“İnsan
seçen varlıktır” cümlesi belki insan yaradılışına uygun bir cümle olarak
düşebilir. Daha bedene bürünmeden seçimle baş başa bırakılmıştır insanoğlu.
“Ben sizin Rabbınız değil miyim?” ilahi hitabının muhatabı olarak seçimini
yapmıştır. Bu tercihi yapan insanoğlunun ruh tarafıdır. İnsanın maddi tarafı
yok olacak tarafıdır. Yani fani tarafı. Maddi tarafımızı temsil eden beden ruh
için bir ağ vazifesini görür. Madde hâkim değil, mahkûmdur, bir esasa bağlı
hareket eder; bu esas ise ruhtur. Hem madde, eskimeye, erimeye, pörsümeye,
yırtılıp parçalanmaya hazır bir kabuktur, dış ve surettir.
Ruh;
"ten kafesinde mahpus" iken, insanın davranışları neticesinde kirlenir.

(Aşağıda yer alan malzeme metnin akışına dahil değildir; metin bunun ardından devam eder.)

(* Let $\mathcal{X}$ be a sample space, $\mathcal{Y}$ a label set, and $y:\mathcal{X}\to\mathcal{Y}$ a deterministic labeling function. Let $p_{\mathrm{sim}}$ be a joint probability distribution on pairs $(x,x^+)\in\mathcal{X}\times\mathcal{X}$, and let $q_{\mathrm{UCL}}$ be a probability distribution on $\mathcal{X}$. Fix $\gamma\in(0,\infty)$, a representation function $f:\mathcal{X}\to S^{d-1}$ (unit sphere in $\mathbb{R}^d$), and set $g(x,x'):=f(x)^\top f(x')/\gamma$. Let $\eta:\mathbb{R}\to\mathbb{R}$ be a hardening function, i.e. nonnegative and nondecreasing on $\mathbb{R}$. For $x\in\mathcal{X}$ define $$\alpha_{\mathrm{H\text{-}UCL}}(x,f):=\mathbb{E}_{x^-\sim q_{\mathrm{UCL}}}[\eta(g(x,x^-))],$$ $$\alpha_{\mathrm{H\text{-}SCL}}(x,f):=\mathbb{E}_{x^-\sim q_{\mathrm{UCL}}}[1(y(x^-)\neq y(x))\,\eta(g(x,x^-))],$$ $$\alpha_{\mathrm{Hcol}}(x,f):=\mathbb{E}_{x^-\sim q_{\mathrm{UCL}}}[1(y(x^-)= y(x))\,\eta(g(x,x^-))],$$ and assume each of these lies in $(0,\infty)$ for all $x\in\mathcal{X}$. Define the conditional distributions $$q_{\mathrm{H\text{-}UCL}}(x^-|x,f)=\frac{\eta(g(x,x^-))\,q_{\mathrm{UCL}}(x^-)}{\alpha_{\mathrm{H\text{-}UCL}}(x,f)},\quad q_{\mathrm{H\text{-}SCL}}(x^-|x,f)=\frac{1(y(x^-)\neq y(x))\,\eta(g(x,x^-))\,q_{\mathrm{UCL}}(x^-)}{\alpha_{\mathrm{H\text{-}SCL}}(x,f)},$$ $$q_{\mathrm{Hcol}}(x^-|x,f)=\frac{1(y(x^-)= y(x))\,\eta(g(x,x^-))\,q_{\mathrm{UCL}}(x^-)}{\alpha_{\mathrm{Hcol}}(x,f)}.$$ For a conditional negative-sampling distribution $q(\cdot|x)$ define the asymptotic InfoNCE loss $$\mathcal{L}^{(\infty)}_q(f):=\mathbb{E}_{(x,x^+)\sim p_{\mathrm{sim}}}\Big[\log\Big(1+e^{-g(x,x^+)}\,\mathbb{E}_{x^-\sim q(\cdot|x)}\big[e^{g(x,x^-)}\big]\Big)\Big],$$ and write $\mathcal{L}^{(\infty)}_{\mathrm{H\text{-}UCL}}(f)$ and $\mathcal{L}^{(\infty)}_{\mathrm{H\text{-}SCL}}(f)$ for this loss with $q=q_{\mathrm{H\text{-}UCL}}(\cdot|x,f)$ and $q=q_{\mathrm{H\text{-}SCL}}(\cdot|x,f)$ respectively. Suppose that for all $x\in\mathcal{X}$, $$\mathbb{E}_{x^-\sim q_{\mathrm{Hcol}}(\cdot|x,f)}\big[e^{g(x,x^-)}\big]\;\geq\;\mathbb{E}_{x^-\sim q_{\mathrm{H\text{-}SCL}}(\cdot|x,f)}\big[e^{g(x,x^-)}\big].$$ Then $\mathcal{L}^{(\infty)}_{\mathrm{H\text{-}UCL}}(f)\geq \mathcal{L}^{(\infty)}_{\mathrm{H\text{-}SCL}}(f)$.
   Context: $1(\mathcal{E})$ denotes the indicator of event $\mathcal{E}$. The loss $\mathcal{L}^{(\infty)}_q(f)$ is the limit as $k\to\infty$ of the InfoNCE contrastive loss $\mathbb{E}_{(x,x^+)\sim p_{\mathrm{sim}}}\mathbb{E}_{x^-_{1:k}\text{ iid}\sim q(\cdot|x)}\big[\log\big(1+e^{-g(x,x^+)}\tfrac1k\sum_{j=1}^k e^{g(x,x^-_j)}\big)\big]$ with $k$ negative samples; $x$ is the anchor, $x^+$ the positive sample, $x^-$ negative samples. *)

theory Defs
  imports "HOL-Probability.Probability"
begin

definition sim :: "('a \<Rightarrow> 'v::euclidean_space) \<Rightarrow> real \<Rightarrow> 'a \<Rightarrow> 'a \<Rightarrow> real" where
  "sim f \<gamma> x x' = inner (f x) (f x') / \<gamma>"

definition hardening :: "(real \<Rightarrow> real) \<Rightarrow> bool" where
  "hardening \<eta> \<longleftrightarrow> (\<forall>t. 0 \<le> \<eta> t) \<and> mono \<eta>"

definition alpha_HUCL :: "'a measure \<Rightarrow> (real \<Rightarrow> real) \<Rightarrow> ('a \<Rightarrow> 'a \<Rightarrow> real) \<Rightarrow> 'a \<Rightarrow> real" where
  "alpha_HUCL q \<eta> g x = (\<integral>x'. \<eta> (g x x') \<partial>q)"

definition alpha_HSCL :: "'a measure \<Rightarrow> ('a \<Rightarrow> 'b) \<Rightarrow> (real \<Rightarrow> real) \<Rightarrow> ('a \<Rightarrow> 'a \<Rightarrow> real) \<Rightarrow> 'a \<Rightarrow> real" where
  "alpha_HSCL q y \<eta> g x = (\<integral>x'. of_bool (y x' \<noteq> y x) * \<eta> (g x x') \<partial>q)"

definition alpha_Hcol :: "'a measure \<Rightarrow> ('a \<Rightarrow> 'b) \<Rightarrow> (real \<Rightarrow> real) \<Rightarrow> ('a \<Rightarrow> 'a \<Rightarrow> real) \<Rightarrow> 'a \<Rightarrow> real" where
  "alpha_Hcol q y \<eta> g x = (\<integral>x'. of_bool (y x' = y x) * \<eta> (g x x') \<partial>q)"

definition q_HUCL :: "'a measure \<Rightarrow> (real \<Rightarrow> real) \<Rightarrow> ('a \<Rightarrow> 'a \<Rightarrow> real) \<Rightarrow> 'a \<Rightarrow> 'a measure" where
  "q_HUCL q \<eta> g x = density q (\<lambda>x'. ennreal (\<eta> (g x x') / alpha_HUCL q \<eta> g x))"

definition q_HSCL :: "'a measure \<Rightarrow> ('a \<Rightarrow> 'b) \<Rightarrow> (real \<Rightarrow> real) \<Rightarrow> ('a \<Rightarrow> 'a \<Rightarrow> real) \<Rightarrow> 'a \<Rightarrow> 'a measure" where
  "q_HSCL q y \<eta> g x = density q (\<lambda>x'. ennreal (of_bool (y x' \<noteq> y x) * \<eta> (g x x') / alpha_HSCL q y \<eta> g x))"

Eğer insan iradesini Allah'ın rızası istikametinde kullanırsa, o zaman Ruh hep
temiz, parlak ve şeffaf kalır. Beden ruha mekan olmaktan başka bir görev üstlenmez.
Ruhumuz insan tarafımızı oluşturan parçaların bütünüdür. Ruhun gerektirdiği
duruşu sergilemek irade ve dirayet ister, belki modern zamanlarda cesaret
ister.
Doğumundan
itibaren insanoğlu bedenen gelişirken, ilim ve iman yoluyla da manen tekâmül
eder; hayat, bir bakıma bu tekâmül için insanın tabi tutulduğu irade sınavından
ibaret. Sonuçta insanın önünde bir tercih vardır ve insanoğlu tercihini
tekâmülden yana veya tezellülden yana koyar. Kendisini inşa yolunda belirli bir
gayret ve efor sarfetmeyen insan macundan insanlar gibi her şekli almakta.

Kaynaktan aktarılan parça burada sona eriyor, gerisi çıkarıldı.